(* Let $w\in[0,\infty)^n$, $c\in(0,\infty)^n$, and let $(A_1,\dots,A_k)$ be any Sidney decomposition of $\mathcal G$ (with respect to $w,c$). Then there exist $i\in\{1,\dots,k\}$ and a search whose support is $A_1\cup\dots\cup A_i$ that minimizes $J^+(\cdot\,;w,c)$ over $\mathcal S$.
   Context: $\mathcal G=([n],\mathcal E)$ is a finite directed acyclic graph on $[n]=\{1,\dots,n\}$. A search is a tuple $s=(s_1,\dots,s_k)$ of distinct vertices ($0\le k\le n$) such that every in-neighbor of each $s_i$ belongs to $\{s_1,\dots,s_{i-1}\}$; $\mathcal S$ denotes the set of searches. The support of a search is its underlying (unordered) set; an initial set is the support of a search. For $A\subseteq[n]$, $\mathcal G|_A$ is the induced sub-DAG on $A$. For $w\in[0,\infty)^n$, $c\in(0,\infty)^n$: $J(s;w,c)=\big(\sum_{i=1}^{|s|}c_{s_i}(1-\sum_{j<i}w_{s_j})\big)/\big(\sum_{i=1}^{|s|}w_{s_i}\big)$ if the denominator is positive and $+\infty$ otherwise (in particular for the empty search); $J^+=\max\{0,J\}$ with $\max\{0,+\infty\}=+\infty$. The density of a nonempty $A\subseteq[n]$ is $\rho(A)=\sum_{i\in A}w_i/\sum_{i\in A}c_i$, and $\rho(\emptyset)=0$. A Sidney decomposition is an ordered partition $(A_1,\dots,A_k)$ of $[n]$ into nonempty sets such that, for each $i$, $A_i$ is an initial set of $\mathcal G|_{A_i\cup\dots\cup A_k}$ of maximum density among all initial sets of $\mathcal G|_{A_i\cup\dots\cup A_k}$. *)

theory Defs
  imports Complex_Main "HOL-Library.Extended_Real"
begin

text \<open>A DAG on [n] = {1..n} is given by an edge relation E; (u,v) \<in> E means u is an in-neighbour of v.\<close>

definition is_dag :: "nat \<Rightarrow> (nat \<times> nat) set \<Rightarrow> bool" where
  "is_dag n E \<longleftrightarrow> E \<subseteq> {1..n} \<times> {1..n} \<and> acyclic E"

definition is_search_in :: "(nat \<times> nat) set \<Rightarrow> nat set \<Rightarrow> nat list \<Rightarrow> bool" where
  "is_search_in E B s \<longleftrightarrow> distinct s \<and> set s \<subseteq> B \<and>
     (\<forall>i < length s. \<forall>u \<in> B. (u, s ! i) \<in> E \<longrightarrow> u \<in> set (take i s))"

definition is_search :: "nat \<Rightarrow> (nat \<times> nat) set \<Rightarrow> nat list \<Rightarrow> bool" where
  "is_search n E s \<longleftrightarrow> is_search_in E {1..n} s"

definition initial_set_in :: "(nat \<times> nat) set \<Rightarrow> nat set \<Rightarrow> nat set \<Rightarrow> bool" where
  "initial_set_in E B A \<longleftrightarrow> (\<exists>s. is_search_in E B s \<and> set s = A)"

definition Jcost :: "(nat \<Rightarrow> real) \<Rightarrow> (nat \<Rightarrow> real) \<Rightarrow> nat list \<Rightarrow> ereal" where
  "Jcost w c s =
     (let den = (\<Sum>i<length s. w (s ! i));
          num = (\<Sum>i<length s. c (s ! i) * (1 - (\<Sum>j<i. w (s ! j))))
      in if den > 0 then ereal (num / den) else \<infinity>)"

definition Jplus :: "(nat \<Rightarrow> real) \<Rightarrow> (nat \<Rightarrow> real) \<Rightarrow> nat list \<Rightarrow> ereal" where
  "Jplus w c s = max 0 (Jcost w c s)"

definition density :: "(nat \<Rightarrow> real) \<Rightarrow> (nat \<Rightarrow> real) \<Rightarrow> nat set \<Rightarrow> real" where
  "density w c A = (if A = {} then 0 else sum w A / sum c A)"

text \<open>Sidney decomposition (A_1,...,A_k) = As ! 0, ..., As ! (k-1).\<close>
definition sidney_decomposition ::
  "nat \<Rightarrow> (nat \<times> nat) set \<Rightarrow> (nat \<Rightarrow> real) \<Rightarrow> (nat \<Rightarrow> real) \<Rightarrow> nat set list \<Rightarrow> bool" where
  "sidney_decomposition n E w c As \<longleftrightarrow>
     (\<forall>i < length As. As ! i \<noteq> {}) \<and>
     (\<forall>i j. i < j \<and> j < length As \<longrightarrow> As ! i \<inter> As ! j = {}) \<and>
     \<Union> (set As) = {1..n} \<and>
     (\<forall>i < length As.
        let B = \<Union> (set (drop i As)) in
        initial_set_in E B (As ! i) \<and>
        (\<forall>A'. initial_set_in E B A' \<longrightarrow> density w c A' \<le> density w c (As ! i)))"

end

theory Submission
  imports Defs
begin

text \<open>For a threshold \<theta> \<ge> 0 we work with the penalized cost
  \<alpha> c(s) - \<theta> w(s) - (sum over i < j of w(s_i) c(s_j)) of a search s: for \<theta> > 0,
  J+(s) < \<theta> exactly when its value for \<alpha> = 1 is negative, and concatenating searches only
  shifts \<alpha> by the weight already found. Take a search with negative penalized cost. Completing
  it by the rest of the first Sidney block A_1 and then moving A_1 to the front does not increase
  the cost: since A_1 has maximum density among initial sets, the part of an initial set outside
  A_1 is at most as dense as A_1, and what it leaves of A_1 is at least as dense, which is what the
  exchange argument needs. Recursing on the remaining blocks gives an at least as good search
  supported on A_1 \<union> ... \<union> A_i. As J+ takes finitely many values, a threshold just above its
  minimum turns this into an optimal search of that form.\<close>

lemma filter_eq_append_ConsD:
  "filter P s = xs @ x # ys \<Longrightarrow> \<exists>as bs. s = as @ x # bs \<and> filter P as = xs"
proof (induction xs arbitrary: s)
  case Nil
  then obtain us vs where "s = us @ x # vs" "\<forall>u\<in>set us. \<not> P u"
    using filter_eq_ConsD[of P s x ys] by auto
  then show ?case by auto
next
  case (Cons y xs)
  then obtain us vs where "s = us @ y # vs" "\<forall>u\<in>set us. \<not> P u" "P y"
    and "filter P vs = xs @ x # ys"
    by (auto dest: filter_eq_ConsD)
  with Cons.IH obtain as bs where "vs = as @ x # bs" "filter P as = xs" by blast
  with \<open>s = us @ y # vs\<close> \<open>\<forall>u\<in>set us. \<not> P u\<close> \<open>P y\<close> show ?case
    by (intro exI[of _ "us @ y # as"] exI[of _ bs]) auto
qed

lemma sum_list_map_filter_partition:
  fixes f :: "'a \<Rightarrow> 'b::comm_monoid_add"
  shows "(\<Sum>x\<leftarrow>filter P xs. f x) + (\<Sum>x\<leftarrow>filter (\<lambda>x. \<not> P x) xs. f x) = (\<Sum>x\<leftarrow>xs. f x)"
  by (induction xs) (auto simp: add_ac)

section \<open>Searches and initial sets\<close>

lemma is_search_in_iff:
  "is_search_in E V s \<longleftrightarrow> distinct s \<and> set s \<subseteq> V \<and>
     (\<forall>xs x ys. s = xs @ x # ys \<longrightarrow> (\<forall>u\<in>V. (u, x) \<in> E \<longrightarrow> u \<in> set xs))"
proof -
  have "(\<forall>i < length s. \<forall>u \<in> V. (u, s ! i) \<in> E \<longrightarrow> u \<in> set (take i s)) \<longleftrightarrow>
        (\<forall>xs x ys. s = xs @ x # ys \<longrightarrow> (\<forall>u\<in>V. (u, x) \<in> E \<longrightarrow> u \<in> set xs))"
  proof (intro iffI allI impI ballI)
    fix xs x ys u
    assume H: "\<forall>i < length s. \<forall>u \<in> V. (u, s ! i) \<in> E \<longrightarrow> u \<in> set (take i s)"
      and s: "s = xs @ x # ys" and u: "u \<in> V" "(u, x) \<in> E"
    have "length xs < length s" "s ! length xs = x" "take (length xs) s = xs" using s by auto
    then show "u \<in> set xs" using H u by metis
  next
    fix i u
    assume "\<forall>xs x ys. s = xs @ x # ys \<longrightarrow> (\<forall>u\<in>V. (u, x) \<in> E \<longrightarrow> u \<in> set xs)"
      and "i < length s" "u \<in> V" "(u, s ! i) \<in> E"
    then show "u \<in> set (take i s)" using id_take_nth_drop by blast
  qed
  then show ?thesis by (simp add: is_search_in_def)
qed

lemma is_search_in_Nil [simp]: "is_search_in E V []"
  by (simp add: is_search_in_def)

lemma is_search_in_take: "is_search_in E V s \<Longrightarrow> is_search_in E V (take k s)"
  unfolding is_search_in_def by (auto simp: min_def dest: in_set_takeD)

lemma is_search_in_closed:
  "is_search_in E V s \<Longrightarrow> v \<in> set s \<Longrightarrow> u \<in> V \<Longrightarrow> (u, v) \<in> E \<Longrightarrow> u \<in> set s"
  unfolding is_search_in_iff by (metis Un_iff set_append split_list)

lemma is_search_in_filter:
  assumes "is_search_in E V s"
  shows "is_search_in E {x \<in> V. P x} (filter P s)"
  unfolding is_search_in_iff
proof (intro conjI allI impI ballI)
  fix xs x ys u
  assume "filter P s = xs @ x # ys" and u: "u \<in> {x \<in> V. P x}" "(u, x) \<in> E"
  then obtain as bs where s: "s = as @ x # bs" and "filter P as = xs"
    by (blast dest: filter_eq_append_ConsD)
  moreover have "u \<in> set as" using assms s u unfolding is_search_in_iff by blast
  ultimately show "u \<in> set xs" using u by auto
qed (use assms in \<open>auto simp: is_search_in_def\<close>)

lemma is_search_in_superset:
  "is_search_in E A s \<Longrightarrow> \<forall>v\<in>set s. \<forall>u\<in>V. (u, v) \<in> E \<longrightarrow> u \<in> A \<Longrightarrow> A \<subseteq> V
   \<Longrightarrow> is_search_in E V s"
  unfolding is_search_in_def by (meson nth_mem subset_iff)

lemma is_search_in_filter_initial:
  assumes "is_search_in E V s" "initial_set_in E V Y"
  shows "is_search_in E V (filter (\<lambda>x. x \<in> Y) s)"
proof -
  obtain y where y: "is_search_in E V y" "set y = Y"
    using assms(2) by (auto simp: initial_set_in_def)
  have "is_search_in E {x \<in> V. x \<in> Y} (filter (\<lambda>x. x \<in> Y) s)"
    by (rule is_search_in_filter[OF assms(1)])
  moreover have
    "\<forall>v\<in>set (filter (\<lambda>x. x \<in> Y) s). \<forall>u\<in>V. (u, v) \<in> E \<longrightarrow> u \<in> {x \<in> V. x \<in> Y}"
    using is_search_in_closed[OF y(1)] y(2) by auto
  ultimately show ?thesis by (rule is_search_in_superset) blast
qed

lemma is_search_in_append:
  assumes a: "is_search_in E V a" and t: "is_search_in E (V - set a) t"
  shows "is_search_in E V (a @ t)"
  unfolding is_search_in_iff
proof (intro conjI allI impI ballI)
  fix xs x ys u
  assume at: "a @ t = xs @ x # ys" and u: "u \<in> V" "(u, x) \<in> E"
  show "u \<in> set xs"
  proof (cases "length xs < length a")
    case True
    have "take (length xs) a = xs" "a ! length xs = x"
      using arg_cong[OF at, of "take (length xs)"] arg_cong[OF at, of "\<lambda>l. l ! length xs"] True
      by (simp_all add: nth_append)
    then have "a = xs @ x # drop (Suc (length xs)) a" using id_take_nth_drop[OF True] by simp
    then show ?thesis using a u unfolding is_search_in_iff by blast
  next
    case False
    have "take (length a) xs = a" "t = drop (length a) xs @ x # ys"
      using arg_cong[OF at, of "take (length a)"] arg_cong[OF at, of "drop (length a)"] False
      by simp_all
    then have "u \<in> set a \<or> u \<in> set (drop (length a) xs)" using t u unfolding is_search_in_iff by blast
    then show ?thesis by (metis in_set_dropD in_set_takeD \<open>take (length a) xs = a\<close>)
  qed
qed (use a t in \<open>auto simp: is_search_in_def\<close>)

- _What this task involves_
Copy down every line of the material above that includes the string "theta".

- _Task response_
text \<open>For a threshold \<theta> \<ge> 0 we work with the penalized cost
  \<alpha> c(s) - \<theta> w(s) - (sum over i < j of w(s_i) c(s_j)) of a search s: for \<theta> > 0,
  J+(s) < \<theta> exactly when its value for \<alpha> = 1 is negative, and concatenating searches only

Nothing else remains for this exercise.